**The problem**
Only the lines with "lemma" in the entries below belong in the answer; please copy them.
═════ Given entries ═════
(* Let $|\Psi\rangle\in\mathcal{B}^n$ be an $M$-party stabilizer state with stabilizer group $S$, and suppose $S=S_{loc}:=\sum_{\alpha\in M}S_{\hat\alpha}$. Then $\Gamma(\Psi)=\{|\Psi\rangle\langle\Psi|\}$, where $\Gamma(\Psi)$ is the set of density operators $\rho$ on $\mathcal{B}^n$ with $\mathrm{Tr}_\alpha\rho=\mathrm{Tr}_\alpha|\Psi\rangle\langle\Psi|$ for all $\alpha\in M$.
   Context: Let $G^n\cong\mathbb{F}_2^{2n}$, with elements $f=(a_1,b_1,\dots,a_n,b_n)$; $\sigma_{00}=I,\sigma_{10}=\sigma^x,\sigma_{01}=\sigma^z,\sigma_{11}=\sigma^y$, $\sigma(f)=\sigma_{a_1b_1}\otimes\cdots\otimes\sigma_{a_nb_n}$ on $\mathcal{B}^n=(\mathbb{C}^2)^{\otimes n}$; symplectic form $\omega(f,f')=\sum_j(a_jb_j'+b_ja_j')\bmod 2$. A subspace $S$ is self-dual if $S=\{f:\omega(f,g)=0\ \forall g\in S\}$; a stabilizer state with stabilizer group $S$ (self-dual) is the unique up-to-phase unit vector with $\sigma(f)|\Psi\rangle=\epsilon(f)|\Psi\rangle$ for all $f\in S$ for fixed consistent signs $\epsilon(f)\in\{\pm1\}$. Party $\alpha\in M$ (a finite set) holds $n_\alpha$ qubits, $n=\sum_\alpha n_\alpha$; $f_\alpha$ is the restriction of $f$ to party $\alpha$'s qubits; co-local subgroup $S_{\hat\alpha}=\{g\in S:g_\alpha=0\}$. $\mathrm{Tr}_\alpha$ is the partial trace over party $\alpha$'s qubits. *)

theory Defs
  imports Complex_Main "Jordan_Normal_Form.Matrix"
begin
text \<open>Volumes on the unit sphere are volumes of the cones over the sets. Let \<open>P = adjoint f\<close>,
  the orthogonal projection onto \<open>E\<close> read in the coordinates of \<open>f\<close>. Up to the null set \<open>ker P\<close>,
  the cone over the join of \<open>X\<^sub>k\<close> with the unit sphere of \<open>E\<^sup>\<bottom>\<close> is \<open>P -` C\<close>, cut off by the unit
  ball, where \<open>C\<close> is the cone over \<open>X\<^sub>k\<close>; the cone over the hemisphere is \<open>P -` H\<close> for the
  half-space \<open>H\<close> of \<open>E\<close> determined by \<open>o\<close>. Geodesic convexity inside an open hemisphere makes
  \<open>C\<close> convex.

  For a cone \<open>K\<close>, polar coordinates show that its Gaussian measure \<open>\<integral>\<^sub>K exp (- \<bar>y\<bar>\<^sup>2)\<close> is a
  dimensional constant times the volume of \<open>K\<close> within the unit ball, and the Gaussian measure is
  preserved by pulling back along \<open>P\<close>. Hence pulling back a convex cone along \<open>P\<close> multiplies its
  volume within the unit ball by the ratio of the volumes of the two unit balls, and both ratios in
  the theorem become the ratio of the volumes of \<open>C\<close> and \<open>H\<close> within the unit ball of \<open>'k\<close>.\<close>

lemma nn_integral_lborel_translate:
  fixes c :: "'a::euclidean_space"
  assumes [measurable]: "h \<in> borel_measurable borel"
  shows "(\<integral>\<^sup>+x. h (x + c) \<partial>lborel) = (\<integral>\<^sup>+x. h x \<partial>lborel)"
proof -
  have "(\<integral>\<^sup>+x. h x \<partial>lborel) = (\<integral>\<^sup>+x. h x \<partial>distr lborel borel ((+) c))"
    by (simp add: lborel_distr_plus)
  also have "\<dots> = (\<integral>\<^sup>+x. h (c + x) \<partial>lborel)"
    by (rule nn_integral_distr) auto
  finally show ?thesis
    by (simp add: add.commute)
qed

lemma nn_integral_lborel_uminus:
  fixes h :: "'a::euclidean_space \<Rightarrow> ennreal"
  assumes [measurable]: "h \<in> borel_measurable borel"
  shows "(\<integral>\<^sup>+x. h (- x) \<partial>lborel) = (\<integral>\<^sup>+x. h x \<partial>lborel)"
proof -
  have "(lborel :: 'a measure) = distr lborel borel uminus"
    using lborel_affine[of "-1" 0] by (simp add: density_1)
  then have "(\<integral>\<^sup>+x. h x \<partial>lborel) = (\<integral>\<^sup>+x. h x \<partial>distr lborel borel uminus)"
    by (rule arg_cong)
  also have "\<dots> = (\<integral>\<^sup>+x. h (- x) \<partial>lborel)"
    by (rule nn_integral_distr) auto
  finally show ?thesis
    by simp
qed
═════
**Answer to this exercise**
lemma nn_integral_lborel_translate:
lemma nn_integral_lborel_uminus:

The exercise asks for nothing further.